▶

(* Let $F$ be a graph with chromatic number $3$ that has a color-critical edge. Then there exists $n_0$ such that for every $n\ge n_0$, \[\mathrm{ex}(n,P_3,F)=\mathcal{N}(P_3,T_2(n)).\] In other words, $P_3$ is $F$-Tur\'an-good.
   Context: For graphs $H$ and $G$, $\mathcal{N}(H,G)$ denotes the number of (not necessarily induced) subgraphs of $G$ isomorphic to $H$. For graphs $H,F$, $\mathrm{ex}(n,H,F)$ is the maximum of $\mathcal{N}(H,G)$ over all $F$-free graphs $G$ on $n$ vertices. $P_3$ is the path on $3$ vertices (two edges). $T_r(n)$ is the Tur\'an graph: the complete $r$-partite graph on $n$ vertices whose part sizes are $\lfloor n/r\rfloor$ or $\lceil n/r\rceil$. An edge $e$ of $F$ is color-critical if deleting $e$ decreases the chromatic number of $F$. If $F$ is $k$-chromatic and $H$ does not contain $F$, $H$ is called $F$-Tur\'an-good if $\mathrm{ex}(n,H,F)=\mathcal{N}(H,T_{k-1}(n))$ for all sufficiently large $n$. *)

theory Defs
  imports Main
begin

type_synonym 'a graph = "'a set \<times> 'a set set"

definition wf_graph :: "'a graph \<Rightarrow> bool" where
  "wf_graph G \<longleftrightarrow> finite (fst G) \<and>
     snd G \<subseteq> {{u, v} | u v. u \<in> fst G \<and> v \<in> fst G \<and> u \<noteq> v}"

definition graph_iso :: "'a graph \<Rightarrow> 'b graph \<Rightarrow> bool" where
  "graph_iso G H \<longleftrightarrow> (\<exists>f. bij_betw f (fst G) (fst H) \<and>
     (\<forall>u\<in>fst G. \<forall>v\<in>fst G. {u, v} \<in> snd G \<longleftrightarrow> {f u, f v} \<in> snd H))"

definition subgraphs :: "'a graph \<Rightarrow> 'a graph set" where
  "subgraphs G = {S. wf_graph S \<and> fst S \<subseteq> fst G \<and> snd S \<subseteq> snd G}"

definition count_copies :: "'b graph \<Rightarrow> 'a graph \<Rightarrow> nat" where
  "count_copies H G = card {S \<in> subgraphs G. graph_iso S H}"

definition contains :: "'a graph \<Rightarrow> 'b graph \<Rightarrow> bool" where
  "contains G F \<longleftrightarrow> (\<exists>S \<in> subgraphs G. graph_iso S F)"

definition F_free :: "'b graph \<Rightarrow> 'a graph \<Rightarrow> bool" where
  "F_free F G \<longleftrightarrow> \<not> contains G F"

definition proper_coloring :: "'a graph \<Rightarrow> nat \<Rightarrow> ('a \<Rightarrow> nat) \<Rightarrow> bool" where
  "proper_coloring G k c \<longleftrightarrow> (\<forall>v\<in>fst G. c v < k) \<and>
     (\<forall>u\<in>fst G. \<forall>v\<in>fst G. {u, v} \<in> snd G \<longrightarrow> c u \<noteq> c v)"

definition chromatic_number :: "'a graph \<Rightarrow> nat" where
  "chromatic_number G = (LEAST k. \<exists>c. proper_coloring G k c)"

definition color_critical_edge :: "'a graph \<Rightarrow> 'a set \<Rightarrow> bool" where
  "color_critical_edge F e \<longleftrightarrow> e \<in> snd F \<and>
     chromatic_number (fst F, snd F - {e}) < chromatic_number F"

text \<open>Graphs on the vertex set {0..<n}; every n-vertex graph is isomorphic to one.\<close>
definition graphs_on :: "nat \<Rightarrow> nat graph set" where
  "graphs_on n = {G. wf_graph G \<and> fst G = {0..<n}}"

definition ex_gen :: "nat \<Rightarrow> 'b graph \<Rightarrow> 'c graph \<Rightarrow> nat" where
  "ex_gen n H F = Max {count_copies H G | G. G \<in> graphs_on n \<and> F_free F G}"

text \<open>Turan graph T_r(n): vertex i lies in part (i mod r); parts have sizes
  floor(n/r) or ceil(n/r); edges join vertices in different parts.\<close>
definition turan_graph :: "nat \<Rightarrow> nat \<Rightarrow> nat graph" where
  "turan_graph r n = ({0..<n},
     {{u, v} | u v. u < n \<and> v < n \<and> u mod r \<noteq> v mod r})"

definition P3 :: "nat graph" where
  "P3 = ({0, 1, 2}, {{0, 1}, {1, 2}})"

end

theory Submission
  imports Defs "HOL-Analysis.Convex"
begin

(* Write Q(G) = sum_v d(v) (d(v) - 1), which is 2 N(P3, G), and B(k) = Q(T_2(k)).
  If e = ab is colour-critical, F - e has a proper 2-colouring in which a and b get the same
  colour. Hence, with t = |V(F)|, F embeds into every graph containing an edge uv together with
  t common neighbours of u and v that are completely joined to t further vertices, and F-free
  graphs contain no such configuration.

  For a graph G on k vertices without it, delete a vertex x whose removal costs Q at most
  3k^2/4 - 2k - 1 as long as one exists. Since B(k) - B(k - 1) >= 3k^2/4 - 2k, every deletion
  raises Q - B by at least one, and as Q <= k^3 this happens only boundedly often when G starts
  with Q(G) > B(|G|). When no such vertex exists, the minimum degree exceeds k/4; a greedy choice
  then bounds every codegree along an edge by k/20 (otherwise the configuration appears), which
  pushes the minimum degree above 2k/5 and makes G triangle-free. In a triangle-free graph
  d(u) + d(v) <= k on every edge, and together with Cauchy-Schwarz this gives Q(G) <= B(k). *)

lemma sum_card_filter_swap:
  assumes "finite A" "finite B"
  shows "(\<Sum>a\<in>A. card {b\<in>B. R a b}) = (\<Sum>b\<in>B. card {a\<in>A. R a b})"
  using sum.swap_restrict[OF assms, of "\<lambda>_ _. 1::nat" R] by simp

lemma card_add_card_add_card_le:
  assumes "finite A" "finite B" "finite C"
  shows "card A + card B + card C
    \<le> card (A \<union> B \<union> C) + card (A \<inter> B) + card (B \<inter> C) + card (A \<inter> C)"
proof -
  have "card (A \<union> B) + card (A \<inter> B) = card A + card B"
    using card_Un_Int assms by metis
  moreover have "card (A \<union> B \<union> C) + card ((A \<union> B) \<inter> C) = card (A \<union> B) + card C"
    using card_Un_Int[of "A \<union> B" C] assms by simp
  moreover have "card ((A \<union> B) \<inter> C) \<le> card (A \<inter> C) + card (B \<inter> C)"
    by (metis Int_Un_distrib2 card_Un_le)
  ultimately show ?thesis by linarith
qed

definition turan_cherry_sum :: "nat \<Rightarrow> real" where
  "turan_cherry_sum k = (real k - 2) * real (k div 2) * real ((k + 1) div 2)"

lemma turan_cherry_sum_nonneg: "k \<ge> 2 \<Longrightarrow> turan_cherry_sum k \<ge> 0"
  unfolding turan_cherry_sum_def by simp

lemma turan_cherry_sum_Suc_ge:
  "turan_cherry_sum (Suc j) - turan_cherry_sum j \<ge> 3 * real (Suc j) ^ 2 / 4 - 2 * real (Suc j)"
proof (cases "even j")
  case True
  then obtain m where "j = 2 * m" by (auto elim: evenE)
  then show ?thesis
    by (simp add: turan_cherry_sum_def power2_eq_square algebra_simps)
next
  case False
  then obtain m where "j = 2 * m + 1" by (auto elim: oddE)
  then have "Suc j = 2 * (m + 1)" "(j + 1) div 2 = m + 1" "j div 2 = m" by simp_all
  then show ?thesis
    unfolding turan_cherry_sum_def \<open>j = 2 * m + 1\<close>
    by (simp add: power2_eq_square algebra_simps)
qed

lemma le_half_square_imp_le_turan_degree_sum:
  fixes s k :: nat
  assumes "real s \<le> real k ^ 2 / 2"
  shows "s \<le> 2 * (k div 2) * ((k + 1) div 2)"
proof (cases "even k")
  case True
  then obtain m where "k = 2 * m" by (auto elim: evenE)
  with assms have "real s \<le> real (2 * m * m)" by (simp add: power2_eq_square)
  then have "s \<le> 2 * m * m" by (simp only: of_nat_le_iff)
  then show ?thesis using \<open>k = 2 * m\<close> by simp
next
  case False
  then obtain m where k: "k = 2 * m + 1" by (auto elim: oddE)
  with assms have "real s < real (2 * m * m + 2 * m + 1)"
    by (simp add: power2_eq_square algebra_simps)
  then have "s < 2 * m * m + 2 * m + 1" by linarith
  moreover have "(k + 1) div 2 = m + 1" "k div 2 = m" using k by auto
  ultimately show ?thesis by (simp add: algebra_simps)
qed

definition min_order :: "nat \<Rightarrow> nat" where
  "min_order t = 30 + 8 * (t + 2) + 20 * t * 8 ^ t"

locale simple_graph =
  fixes V :: "'a set" and E :: "'a set set"
  assumes wf: "wf_graph (V, E)"
begin

definition nbhd :: "'a \<Rightarrow> 'a set" where
  "nbhd v = {u\<in>V. {u, v} \<in> E}"

abbreviation deg :: "'a \<Rightarrow> nat" where
  "deg v \<equiv> card (nbhd v)"

definition cherry_sum :: real where
  "cherry_sum = (\<Sum>v\<in>V. real (deg v) * (real (deg v) - 1))"

definition cherry_loss :: "'a \<Rightarrow> real" where
  "cherry_loss x = real (deg x) * (real (deg x) - 1) + 2 * (\<Sum>u\<in>nbhd x. real (deg u) - 1)"

text \<open>An edge uv and t common neighbours Y of u and v, completely joined to t further
  vertices Z: a copy of K(t+2,t) with one extra edge inside the larger class.\<close>
definition has_plus_biclique :: "nat \<Rightarrow> bool" where
  "has_plus_biclique t \<longleftrightarrow> (\<exists>u v Y Z. {u, v} \<in> E \<and> Y \<subseteq> nbhd u \<inter> nbhd v \<and> card Y = t \<and>
     Z \<subseteq> V \<and> card Z = t \<and> Z \<inter> Y = {} \<and> u \<notin> Z \<and> v \<notin> Z \<and> (\<forall>z\<in>Z. \<forall>y\<in>Y. {z, y} \<in> E))"

lemma finite_V: "finite V"
  using wf unfolding wf_graph_def by simp

lemma edgeD: "{u, v} \<in> E \<Longrightarrow> u \<noteq> v \<and> u \<in> V \<and> v \<in> V"
  using wf unfolding wf_graph_def by (auto simp: doubleton_eq_iff)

◀

▶ _What the exercise asks_
Extract every line containing the string "imports" from the data above.

▶ _Final answer_
  imports Main
  imports Defs "HOL-Analysis.Convex"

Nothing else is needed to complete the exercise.